Никого не беспокоило, занят ли Соломон Михайлович, Видеть его можно было всегда. И всякий мог видеть его! Во многих, иногда даже очень хороших, людях можно отыскать хоть капельку важности. Михоэлс был начисто лишен этой краски в характере. Он способен был играть в игры с друзьями, придумывая тут же, на ходу, образ, причем голова повязывалась полотенцем или косынкой, и начинался безудержный смех, остроумные выдумки — без конца.

В мае 1941 года вместе с Александром Александровичем Фадеевым я возвращался «стрелою» из Ленинграда — мы ездили по лермонтовским делам. Проходим сквозь пустой мягкий вагон и вдруг видим Соломона Михайловича. Вошли в купе. И не ложились спать уже до самой Москвы. Боже, как было весело! Из хлебного шарика, который я катал со вчерашнего дня, я приделал себе черные усики. От этих усиков перешли к Чаплину, и Михоэлс стал говорить о том, почему горестное так смешно в воплощении Чаплина и почему Чаплин никогда не бывает сентиментален, хотя ходит по кромке, за которой у других начинаются сантименты. Пошел разговор о Чаплине.

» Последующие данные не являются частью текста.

lemma sym_rep_diagonal_entry:
  assumes "\<forall>k<3. \<forall>l<3. k \<noteq> l \<longrightarrow> X $$ (k, l) = 0"
    and "i < length (sym_basis n)" and "j < length (sym_basis n)"
  shows "sym_rep n X $$ (i, j) =
    (if i = j then \<Sum>l<3. X $$ (l, l) * of_nat (sym_basis n ! i ! l) else 0)"
proof -
  let ?B = "sym_basis n"
  have "length (?B ! j) = 3"
    using nth_mem[OF assms(3)] by (auto simp: set_sym_basis)
  have "sym_rep n X $$ (i, j) = (\<Sum>k<3. \<Sum>l<3.
      if 0 < (?B ! j) ! l \<and> ((?B ! j)[l := (?B ! j) ! l - 1])[k := ((?B ! j)[l := (?B ! j) ! l - 1]) ! k + 1] = ?B ! i
      then X $$ (k, l) * of_nat ((?B ! j) ! l) else 0)"
    using assms(2,3) by (simp add: sym_rep_def Let_def)
  also have "\<dots> = (if ?B ! j = ?B ! i then \<Sum>l<3. X $$ (l, l) * of_nat (?B ! j ! l) else 0)"
    by (rule derivation_sum_diagonal[OF \<open>length (?B ! j) = 3\<close> assms(1)])
  finally have "sym_rep n X $$ (i, j) =
      (if ?B ! j = ?B ! i then \<Sum>l<3. X $$ (l, l) * of_nat (?B ! j ! l) else 0)" .
  moreover have "?B ! j = ?B ! i \<longleftrightarrow> i = j"
    using nth_eq_iff_index_eq[OF distinct_sym_basis assms(3,2)] by auto
  ultimately show ?thesis by auto
qed

lemma sym_rep_T_mat_entry:
  assumes "i < length (sym_basis n)" and "j < length (sym_basis n)"
  shows "sym_rep n T_mat $$ (i, j) =
    (if i = j then of_nat (sym_basis n ! i ! 0) - of_nat (sym_basis n ! i ! 2) else 0)"
proof -
  have "\<forall>k<3. \<forall>l<3. k \<noteq> l \<longrightarrow> T_mat $$ (k, l) = 0"
    by (simp add: T_mat_def)
  moreover have "(\<Sum>l<3. T_mat $$ (l, l) * of_nat (al ! l)) = of_nat (al ! 0) - of_nat (al ! 2)" for al
    by (simp add: T_mat_def numeral_3_eq_3 numeral_2_eq_2)
  ultimately show ?thesis
    using sym_rep_diagonal_entry[OF _ assms] by simp
qed
lemma rayleigh_density_measurable [measurable]: "rayleigh_density s \<in> borel_measurable borel"
  unfolding rayleigh_density_def by measurable

lemma sets_rayleigh [simp, measurable_cong]: "sets (rayleigh s) = sets borel"
  unfolding rayleigh_def by simp

lemma space_rayleigh [simp]: "space (rayleigh s) = UNIV"
  unfolding rayleigh_def by simp

lemma prob_space_rayleigh:
  assumes "s > 0"
  shows "prob_space (rayleigh s)"
proof
  have density_eq: "(\<lambda>z. ennreal (rayleigh_density s z))
      = (\<lambda>z. ennreal (z / s\<^sup>2 * exp (- z\<^sup>2 / (2 * s\<^sup>2))) * indicator {0..} z)"
    by (auto simp: rayleigh_density_def fun_eq_iff indicator_def)
  have "(\<integral>\<^sup>+z. ennreal (z / s\<^sup>2 * exp (- z\<^sup>2 / (2 * s\<^sup>2))) * indicator {0..} z \<partial>lborel)
      = 0 - (- exp (- 0\<^sup>2 / (2 * s\<^sup>2)))"
  proof (rule nn_integral_FTC_atLeast)
    fix z :: real
    show "DERIV (\<lambda>z. - exp (- z\<^sup>2 / (2 * s\<^sup>2))) z :> z / s\<^sup>2 * exp (- z\<^sup>2 / (2 * s\<^sup>2))"
      using assms by (auto intro!: derivative_eq_intros simp: field_simps power2_eq_square)
    assume "0 \<le> z"
    then show "0 \<le> z / s\<^sup>2 * exp (- z\<^sup>2 / (2 * s\<^sup>2))" by auto
  next
    show "((\<lambda>z. - exp (- z\<^sup>2 / (2 * s\<^sup>2))) \<longlongrightarrow> 0) at_top"
      using assms by real_asymp
  qed measurable
  then show "emeasure (rayleigh s) (space (rayleigh s)) = 1"
    unfolding rayleigh_def by (simp add: emeasure_density density_eq)
qed

lemma distr_rayleigh_scale:
  assumes "c > 0" "s > 0"
  shows "distr (rayleigh s) borel ((*) c) = rayleigh (c * s)"
proof (rule measure_eqI)
  fix A assume "A \<in> sets (distr (rayleigh s) borel ((*) c))"
  then have [measurable]: "A \<in> sets borel" by simp
  have "(*) c -` A \<in> sets borel"
    using measurable_sets[of "(*) c" borel borel A] by simp
  then have "emeasure (distr (rayleigh s) borel ((*) c)) A
      = (\<integral>\<^sup>+z. ennreal (rayleigh_density s z) * indicator A (c * z) \<partial>lborel)"
    unfolding rayleigh_def
    by (subst emeasure_distr, simp_all, subst emeasure_density)
      (auto intro!: nn_integral_cong simp: indicator_def)
  also have "\<dots> = ennreal c * (\<integral>\<^sup>+z. ennreal (rayleigh_density (c * s) (0 + c * z))
                                      * indicator A (0 + c * z) \<partial>lborel)"
    using assms by (subst nn_integral_cmult[symmetric])
      (auto intro!: nn_integral_cong split: split_indicator
        simp: rayleigh_density_def ennreal_mult'[symmetric] power_mult_distrib field_simps
          power2_eq_square zero_le_mult_iff)
  also have "\<dots> = (\<integral>\<^sup>+z. ennreal (rayleigh_density (c * s) z) * indicator A z \<partial>lborel)"
    using assms by (subst nn_integral_real_affine[of _ c 0]) auto
  also have "\<dots> = emeasure (rayleigh (c * s)) A"
    unfolding rayleigh_def by (simp add: emeasure_density)
  finally show "emeasure (distr (rayleigh s) borel ((*) c)) A = emeasure (rayleigh (c * s)) A" .
qed simp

И вдруг Фадеев спрашивает у меня:

— А что бы сказал по этому поводу Алеша Толстой?

Я ответил.

Тогда за дело взялся Михоэлс.

— А ну, Алешенька, — сказал он, — что ты думаешь о нас, собравшихся в этом купе?

И тут они по очереди стали «дразнить» меня, задавая мне… да нет, не мне, а скорее персонажам моим вопросы, на которые я должен был отвечать в образе.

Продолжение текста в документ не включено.